Find the equation to represent the pages that each boy has read.

Answer to Problem 9CYU

The two equation are $y=20x+35andy=10x+85$ .

Explanation of Solution

Given:

It is given in the question that Alberto read $35$ pages with $20$ pages each day and Ashanti read $85$ pages with $10$ pages each day.

Concept Used:

In this, use the concept of linear equations by understanding the correct variable and constant .

Calculation:

Let y represents the number of pages read.

Let x represents the number of days.

Now, the equation for the Alberto is : $y=20x+35$

And the equation for the Ashanti is : $y=10x+85$

Conclusion:

The two equation are $y=20x+35andy=10x+85$ .

b.

To determine

Draw the graph of the equation.

Explanation of Solution

Given:

It is given in the question that the given two equation are, $y=20x+35andy=10x+85$

Graph:

Interpretation: Here, put the both equation $y=20x+35andy=10x+85$ in the graphing calculator, it gives the required graph.

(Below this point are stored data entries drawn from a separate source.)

(* For any global correlation value $r \in (0,1)$ and any recovery targets $\rho_1,\rho_2 \in [0,1]$ with $\rho_1<\rho_2$, there exist data-generating processes $P_1$ and $P_2$ for (prompt, candidate scores, oracle utilities) such that $\mathrm{Corr}_{P_1}(S,O)=\mathrm{Corr}_{P_2}(S,O)=r$, while $\mathrm{Recovery}(P_1)=\rho_1$ and $\mathrm{Recovery}(P_2)=\rho_2$.
   Context: A data-generating process draws prompts $x$ and, for each prompt, $n\ge 2$ candidates $i\in\{1,\dots,n\}$, each with a judge score $S_{x,i}\in\mathbb{R}$ and an oracle utility $O_{x,i}\in\mathbb{R}$. $\mathrm{Corr}(S,O)$ denotes the global (Pearson) correlation over all (prompt, candidate) pairs. Write $S_{x,i}=\mu^S_x+\varepsilon^S_{x,i}$ and $O_{x,i}=\mu^O_x+\varepsilon^O_{x,i}$, where $\mu^S_x,\mu^O_x$ are prompt-level means and $\varepsilon^S_{x,i},\varepsilon^O_{x,i}$ are within-prompt deviations. Selection strategies for a prompt: judge-greedy picks $\arg\max_i S_{x,i}$ (uniform random tie-breaking among tied maxima), random picks a uniformly random candidate, oracle picks $\arg\max_i O_{x,i}$. Recovery is $\mathrm{Recovery}=\dfrac{\mathbb{E}[O_{\text{judge}}]-\mathbb{E}[O_{\text{random}}]}{\mathbb{E}[O_{\text{oracle}}]-\mathbb{E}[O_{\text{random}}]}$, where $O_{\text{judge}},O_{\text{random}},O_{\text{oracle}}$ are the oracle utilities of the candidates selected by the respective strategies (assuming the denominator is positive). *)

theory Defs
  imports "HOL-Probability.Probability_Mass_Function"
begin

text \<open>A data-generating process with n candidates per prompt: a discrete distribution
  over prompts, each prompt represented by its candidate judge scores S and oracle
  utilities O (only indices i < n are relevant; candidates are 0..n-1).\<close>

type_synonym dgp = "((nat \<Rightarrow> real) \<times> (nat \<Rightarrow> real)) pmf"

definition valid_dgp :: "nat \<Rightarrow> dgp \<Rightarrow> bool" where
  "valid_dgp n P \<longleftrightarrow> n \<ge> 2 \<and> finite (set_pmf P)"

definition cand_pairs :: "nat \<Rightarrow> dgp \<Rightarrow> (real \<times> real) pmf" where
  "cand_pairs n P = bind_pmf P (\<lambda>(S, U). map_pmf (\<lambda>i. (S i, U i)) (pmf_of_set {..<n}))"

definition pearson :: "(real \<times> real) pmf \<Rightarrow> real" where
  "pearson Q = (let E = measure_pmf.expectation Q;
                    mS = E fst; mO = E snd;
                    cov = E (\<lambda>(s, u). (s - mS) * (u - mO));
                    vS = E (\<lambda>(s, u). (s - mS)\<^sup>2);
                    vO = E (\<lambda>(s, u). (u - mO)\<^sup>2)
                in cov / sqrt (vS * vO))"

definition corr_SO :: "nat \<Rightarrow> dgp \<Rightarrow> real" where
  "corr_SO n P = pearson (cand_pairs n P)"

text \<open>Judge-greedy: argmax of S with uniform random tie-breaking; conditional expected
  oracle utility given the prompt.\<close>
definition judge_argmax :: "nat \<Rightarrow> (nat \<Rightarrow> real) \<Rightarrow> nat set" where
  "judge_argmax n S = {i \<in> {..<n}. \<forall>j<n. S j \<le> S i}"

definition judge_value :: "nat \<Rightarrow> (nat \<Rightarrow> real) \<times> (nat \<Rightarrow> real) \<Rightarrow> real" where
  "judge_value n x = (case x of (S, U) \<Rightarrow>
     (\<Sum>i\<in>judge_argmax n S. U i) / real (card (judge_argmax n S)))"

definition random_value :: "nat \<Rightarrow> (nat \<Rightarrow> real) \<times> (nat \<Rightarrow> real) \<Rightarrow> real" where
  "random_value n x = (case x of (S, U) \<Rightarrow> (\<Sum>i<n. U i) / real n)"

definition oracle_value :: "nat \<Rightarrow> (nat \<Rightarrow> real) \<times> (nat \<Rightarrow> real) \<Rightarrow> real" where
  "oracle_value n x = (case x of (S, U) \<Rightarrow> Max (U ` {..<n}))"

definition E_judge :: "nat \<Rightarrow> dgp \<Rightarrow> real" where
  "E_judge n P = measure_pmf.expectation P (judge_value n)"

definition E_random :: "nat \<Rightarrow> dgp \<Rightarrow> real" where
  "E_random n P = measure_pmf.expectation P (random_value n)"

definition E_oracle :: "nat \<Rightarrow> dgp \<Rightarrow> real" where
  "E_oracle n P = measure_pmf.expectation P (oracle_value n)"

definition recovery :: "nat \<Rightarrow> dgp \<Rightarrow> real" where
  "recovery n P = (E_judge n P - E_random n P) / (E_oracle n P - E_random n P)"

end

theory Submission
  imports Defs
begin

text \<open>Recovery only sees how the judge ranks candidates within a prompt, while the global
  correlation also contains the between-prompt covariance. With three candidates of utilities
  \<open>1, a, 0\<close> and a judge that always picks the middle one, the recovery is \<open>(2a - 1)/(2 - a)\<close>,
  which sweeps \<open>[0, 1]\<close> as \<open>a\<close> runs through \<open>[1/2, 1]\<close>. A prompt-level shift common to \<open>S\<close> and
  \<open>O\<close> pushes the correlation towards \<open>1\<close>, and prompt-level noise in \<open>S\<close> alone pulls it back
  down to any prescribed \<open>r\<close>; neither changes a ranking within a prompt.\<close>

lemma expectation_cand_pairs:
  assumes "finite (set_pmf P)" and "n > 0"
  shows "measure_pmf.expectation (cand_pairs n P) f =
         measure_pmf.expectation P (\<lambda>(S, U). (\<Sum>i<n. f (S i, U i)) / real n)"
proof -
  have cand_expectation: "measure_pmf.expectation (pmf_of_set {..<n}) (\<lambda>i. f (S i, U i)) =
      (\<Sum>i<n. f (S i, U i)) / real n"
    for S U :: "nat \<Rightarrow> real"
    using assms(2) by (subst integral_pmf_of_set) auto
  have cands_support: "set_pmf (pmf_of_set {..<n}) = {..<n}"
    using assms(2) by (subst set_pmf_of_set) auto
  have "measure_pmf.expectation (cand_pairs n P) f =
      (\<Sum>x\<in>set_pmf P. pmf P x *\<^sub>R (case x of (S, U) \<Rightarrow> (\<Sum>i<n. f (S i, U i)) / real n))"
    unfolding cand_pairs_def using assms
    by (subst pmf_expectation_bind[of "set_pmf P"])
       (auto simp: case_prod_beta cand_expectation cands_support)
  also have "\<dots> = measure_pmf.expectation P (\<lambda>(S, U). (\<Sum>i<n. f (S i, U i)) / real n)"
    using assms(1) by (subst integral_measure_pmf[of "set_pmf P"]) auto
  finally show ?thesis .
qed

lemma pearson_with_noise_attains:
  fixes K B V r :: real
  assumes "0 < r" and "0 < K" and "0 < V" and "r\<^sup>2 * B * V \<le> K\<^sup>2"
  shows "\<exists>c. K / sqrt ((B + c\<^sup>2) * V) = r"
proof
  define c where "c = sqrt (K\<^sup>2 / (r\<^sup>2 * V) - B)"
  have "c\<^sup>2 = K\<^sup>2 / (r\<^sup>2 * V) - B"
    unfolding c_def using assms by (subst real_sqrt_pow2) (auto simp: field_simps)
  then have "(B + c\<^sup>2) * V = (K / r)\<^sup>2"
    using assms by (simp add: field_simps power2_eq_square)
  then show "K / sqrt ((B + c\<^sup>2) * V) = r"
    using assms by simp
qed

lemma recovery_parametrization:
  fixes \<rho> :: real
  assumes "0 \<le> \<rho>" and "\<rho> \<le> 1"
  shows "\<exists>a. 1/2 \<le> a \<and> a \<le> 1 \<and> (2*a - 1) / (2 - a) = \<rho>"
proof (intro exI conjI)
  let ?a = "(1 + 2*\<rho>) / (2 + \<rho>)"
  show "1/2 \<le> ?a" and "?a \<le> 1"
    using assms by (simp_all add: field_simps)
  have "2 * ?a - 1 = 3*\<rho> / (2 + \<rho>)" and "2 - ?a = 3 / (2 + \<rho>)"
    using assms by (simp_all add: field_simps)
  then show "(2 * ?a - 1) / (2 - ?a) = \<rho>"
    using assms by simp
qed

definition base_score :: "nat \<Rightarrow> real" where
  "base_score i = (if i = 1 then 1 else 0)"

definition base_utility :: "real \<Rightarrow> nat \<Rightarrow> real" where
  "base_utility a i = (if i = 0 then 1 else if i = 1 then a else 0)"

text \<open>Orthogonal mean-zero contrasts over the four prompts, so that the shift and the noise
  enter the second moments without cross terms.\<close>

definition prompt_shift :: "nat \<Rightarrow> real" where
  "prompt_shift j = (if j < 2 then 1 else -1)"

definition judge_noise :: "nat \<Rightarrow> real" where
  "judge_noise j = (if j = 0 \<or> j = 2 then 1 else -1)"

definition shifted_prompt :: "real \<Rightarrow> real \<Rightarrow> real \<Rightarrow> nat \<Rightarrow> (nat \<Rightarrow> real) \<times> (nat \<Rightarrow> real)"
  where "shifted_prompt a M c j =
    ((\<lambda>i. base_score i + M * prompt_shift j + c * judge_noise j),
     (\<lambda>i. base_utility a i + M * prompt_shift j))"

definition shifted_dgp :: "real \<Rightarrow> real \<Rightarrow> real \<Rightarrow> dgp" where
  "shifted_dgp a M c = map_pmf (shifted_prompt a M c) (pmf_of_set {..<4})"

lemma lessThan_3: "{..<3::nat} = {0, 1, 2}" and lessThan_4: "{..<4::nat} = {0, 1, 2, 3}"
  by auto

lemma set_pmf_shifted_dgp: "set_pmf (shifted_dgp a M c) = shifted_prompt a M c ` {..<4}"
  unfolding shifted_dgp_def by (simp, subst set_pmf_of_set) (auto simp: lessThan_4)

lemma expectation_shifted_dgp:
  fixes f :: "(nat \<Rightarrow> real) \<times> (nat \<Rightarrow> real) \<Rightarrow> real"
  shows "measure_pmf.expectation (shifted_dgp a M c) f = (\<Sum>j<4. f (shifted_prompt a M c j)) / 4"
  unfolding shifted_dgp_def by (simp, subst integral_pmf_of_set) (auto simp: lessThan_4)

lemma judge_argmax_shifted_prompt: "judge_argmax 3 (fst (shifted_prompt a M c j)) = {1}"
  unfolding judge_argmax_def shifted_prompt_def lessThan_3 by (auto simp: base_score_def)

lemma E_judge_shifted_dgp: "E_judge 3 (shifted_dgp a M c) = a"
proof -
  have "judge_value 3 (shifted_prompt a M c j) = a + M * prompt_shift j" for j
    unfolding judge_value_def
    by (simp add: case_prod_beta judge_argmax_shifted_prompt)
       (simp add: shifted_prompt_def base_utility_def)
  then show ?thesis
    unfolding E_judge_def expectation_shifted_dgp by (simp add: lessThan_4 prompt_shift_def)
qed

lemma E_random_shifted_dgp: "E_random 3 (shifted_dgp a M c) = (1 + a) / 3"
proof -
  have "random_value 3 (shifted_prompt a M c j) = (1 + a) / 3 + M * prompt_shift j" for j
    unfolding random_value_def shifted_prompt_def
    by (simp add: lessThan_3 base_utility_def field_simps)
  then show ?thesis
    unfolding E_random_def expectation_shifted_dgp by (simp add: lessThan_4 prompt_shift_def)
qed

lemma E_oracle_shifted_dgp:
  assumes "0 \<le> a" and "a \<le> 1"
  shows "E_oracle 3 (shifted_dgp a M c) = 1"
proof -
  have "oracle_value 3 (shifted_prompt a M c j) = 1 + M * prompt_shift j" for j
    unfolding oracle_value_def shifted_prompt_def
    using assms by (simp add: lessThan_3 base_utility_def max_def)
  then show ?thesis
    unfolding E_oracle_def expectation_shifted_dgp by (simp add: lessThan_4 prompt_shift_def)
qed

lemma recovery_shifted_dgp:
  assumes "0 \<le> a" and "a \<le> 1"
  shows "recovery 3 (shifted_dgp a M c) = (2*a - 1) / (2 - a)"
proof -
  have "recovery 3 (shifted_dgp a M c) = (a - (1 + a)/3) / (1 - (1 + a)/3)"
    unfolding recovery_def E_judge_shifted_dgp E_random_shifted_dgp
      E_oracle_shifted_dgp[OF assms] ..
  also have "\<dots> = (2*a - 1) / (2 - a)"
    using assms by (simp add: field_simps)
  finally show ?thesis .
qed

lemma corr_SO_shifted_dgp:
  "corr_SO 3 (shifted_dgp a M c) =
     ((2*a - 1)/9 + M\<^sup>2) / sqrt ((2/9 + M\<^sup>2 + c\<^sup>2) * ((2*a\<^sup>2 - 2*a + 2)/9 + M\<^sup>2))"
proof -
  let ?E = "measure_pmf.expectation (cand_pairs 3 (shifted_dgp a M c))"
  have E: "?E f = (\<Sum>j\<in>{0,1,2,3}. \<Sum>i\<in>{0,1,2}.
                     f (fst (shifted_prompt a M c j) i, snd (shifted_prompt a M c j) i)) / 12"
    for f :: "real \<times> real \<Rightarrow> real"
    by (simp add: expectation_cand_pairs set_pmf_shifted_dgp expectation_shifted_dgp
        case_prod_beta lessThan_3 lessThan_4 sum_divide_distrib[symmetric])
  note defs = shifted_prompt_def base_score_def base_utility_def prompt_shift_def judge_noise_def
  have mean_S: "?E fst = 1/3" and mean_O: "?E snd = (1 + a)/3"
    unfolding E by (simp_all add: defs)
  have cov: "?E (\<lambda>(s, u). (s - 1/3) * (u - (1 + a)/3)) = (2*a - 1)/9 + M\<^sup>2"
    and var_S: "?E (\<lambda>(s, u). (s - 1/3)\<^sup>2) = 2/9 + M\<^sup>2 + c\<^sup>2"
    and var_O: "?E (\<lambda>(s, u). (u - (1 + a)/3)\<^sup>2) = (2*a\<^sup>2 - 2*a + 2)/9 + M\<^sup>2"
    unfolding E by (simp_all add: defs) (simp_all add: field_simps power2_eq_square)
  show ?thesis
    unfolding corr_SO_def pearson_def Let_def mean_S mean_O cov var_S var_O ..
qed

lemma corr_SO_shifted_dgp_attains:
  assumes "1/2 \<le> a" and "a \<le> 1" and "0 < r" and "r < 1"
  shows "\<exists>M c. corr_SO 3 (shifted_dgp a M c) = r"
proof -
  define M where "M = sqrt (r / (1 - r))"
    \<comment> \<open>large enough that without noise the correlation is at least \<open>r\<close>\<close>
  define K where "K = (2*a - 1)/9 + M\<^sup>2"
  define V where "V = (2*a\<^sup>2 - 2*a + 2)/9 + M\<^sup>2"
  have shift_balance: "r * (M\<^sup>2 + 1) = M\<^sup>2"
    unfolding M_def using assms by (simp add: field_simps)
  have "0 < M\<^sup>2"
    unfolding M_def using assms by simp
  have "M\<^sup>2 \<le> K"
    unfolding K_def using assms by simp
  have "(1/2)\<^sup>2 \<le> a\<^sup>2" and "a\<^sup>2 \<le> 1\<^sup>2"
    using assms by (intro power_mono; simp)+
  then have "0 < 2*a\<^sup>2 - 2*a + 2" and "2*a\<^sup>2 - 2*a + 2 \<le> 9"
    using assms by (simp_all add: power2_eq_square)
  then have "0 < V" and "V \<le> M\<^sup>2 + 1"
    unfolding V_def using \<open>0 < M\<^sup>2\<close> by (auto intro!: add_pos_pos)
  have "r\<^sup>2 * (2/9 + M\<^sup>2) * V \<le> r\<^sup>2 * ((M\<^sup>2 + 1) * (M\<^sup>2 + 1))"
    unfolding mult.assoc using \<open>0 < V\<close> \<open>V \<le> M\<^sup>2 + 1\<close>
    by (intro mult_left_mono mult_mono) auto
  also have "\<dots> = (M\<^sup>2)\<^sup>2"
    using shift_balance by (metis power2_eq_square power_mult_distrib)
  also have "\<dots> \<le> K\<^sup>2"
    using \<open>0 < M\<^sup>2\<close> \<open>M\<^sup>2 \<le> K\<close> by (intro power_mono) auto
  finally obtain c where "K / sqrt ((2/9 + M\<^sup>2 + c\<^sup>2) * V) = r"
    using pearson_with_noise_attains[of r K V] assms \<open>0 < M\<^sup>2\<close> \<open>M\<^sup>2 \<le> K\<close> \<open>0 < V\<close>
    by fastforce
  then show ?thesis
    unfolding corr_SO_shifted_dgp K_def V_def by blast
qed

lemma exists_dgp_with_corr_and_recovery:
  assumes "0 < r" and "r < 1" and "0 \<le> \<rho>" and "\<rho> \<le> 1"
  shows "\<exists>n P. valid_dgp n P \<and> corr_SO n P = r \<and>
                E_oracle n P - E_random n P > 0 \<and> recovery n P = \<rho>"
proof -
  obtain a where "1/2 \<le> a" "a \<le> 1" and recovery_a: "(2*a - 1) / (2 - a) = \<rho>"
    using recovery_parametrization assms by blast
  then obtain M c where corr: "corr_SO 3 (shifted_dgp a M c) = r"
    using corr_SO_shifted_dgp_attains assms by blast
  have "valid_dgp 3 (shifted_dgp a M c)"
    by (simp add: valid_dgp_def set_pmf_shifted_dgp)
  moreover have "E_oracle 3 (shifted_dgp a M c) - E_random 3 (shifted_dgp a M c) > 0"
    using \<open>1/2 \<le> a\<close> \<open>a \<le> 1\<close> by (simp add: E_oracle_shifted_dgp E_random_shifted_dgp)
  moreover have "recovery 3 (shifted_dgp a M c) = \<rho>"
    using \<open>1/2 \<le> a\<close> \<open>a \<le> 1\<close> recovery_a by (simp add: recovery_shifted_dgp)
  ultimately show ?thesis
    using corr by blast
qed

theorem mainTheorem1:
  fixes r \<rho>1 \<rho>2 :: real
  assumes "0 < r" and "r < 1"
    and "0 \<le> \<rho>1" and "\<rho>1 < \<rho>2" and "\<rho>2 \<le> 1"
  shows "\<exists>n1 P1 n2 P2.
           valid_dgp n1 P1 \<and> valid_dgp n2 P2 \<and>
           corr_SO n1 P1 = r \<and> corr_SO n2 P2 = r \<and>
           E_oracle n1 P1 - E_random n1 P1 > 0 \<and>
           E_oracle n2 P2 - E_random n2 P2 > 0 \<and>
           recovery n1 P1 = \<rho>1 \<and> recovery n2 P2 = \<rho>2"
proof -
  obtain n1 P1 where "valid_dgp n1 P1" "corr_SO n1 P1 = r"
      "E_oracle n1 P1 - E_random n1 P1 > 0" "recovery n1 P1 = \<rho>1"
    using exists_dgp_with_corr_and_recovery[of r \<rho>1] assms by auto
  moreover obtain n2 P2 where "valid_dgp n2 P2" "corr_SO n2 P2 = r"
      "E_oracle n2 P2 - E_random n2 P2 > 0" "recovery n2 P2 = \<rho>2"
    using exists_dgp_with_corr_and_recovery[of r \<rho>2] assms by auto
  ultimately show ?thesis
    by blast
qed

end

In the above graph, it can be easily seen that the two graph intersect at $(5,135)$ .

c.

To determine

Find the time at which Alberto has read more pages than Ashanti.check it.

Answer to Problem 9CYU

Alberto will have read more pages than Ashanti after $5$ days.

Explanation of Solution

Given:

It is given in the question that the two graph gives the solution of $(5,135)$ .

Concept Used:

In this, use the concept of linear equations by understanding the correct variable and constant .

Calculation: Here, the solution is $(5,135)$ .To check the answer enter it into the both equation.

  $\begin{array}{l}y=20x+35\\ 135=20(5)+35\\ 135=100+35\\ 135=135\end{array}$

So, it is a solution for the first equation. Now check the second equation.

  $\begin{array}{l}y=10x+85\\ 135=10(5)+85\\ 135=50+85\\ 135=135\end{array}$

So, it is a solution for the second equation.

Hence, Alberto will have read more pages than Ashanti after $5$ days.

Conclusion:

Alberto will have read more pages than Ashanti after $5$ days.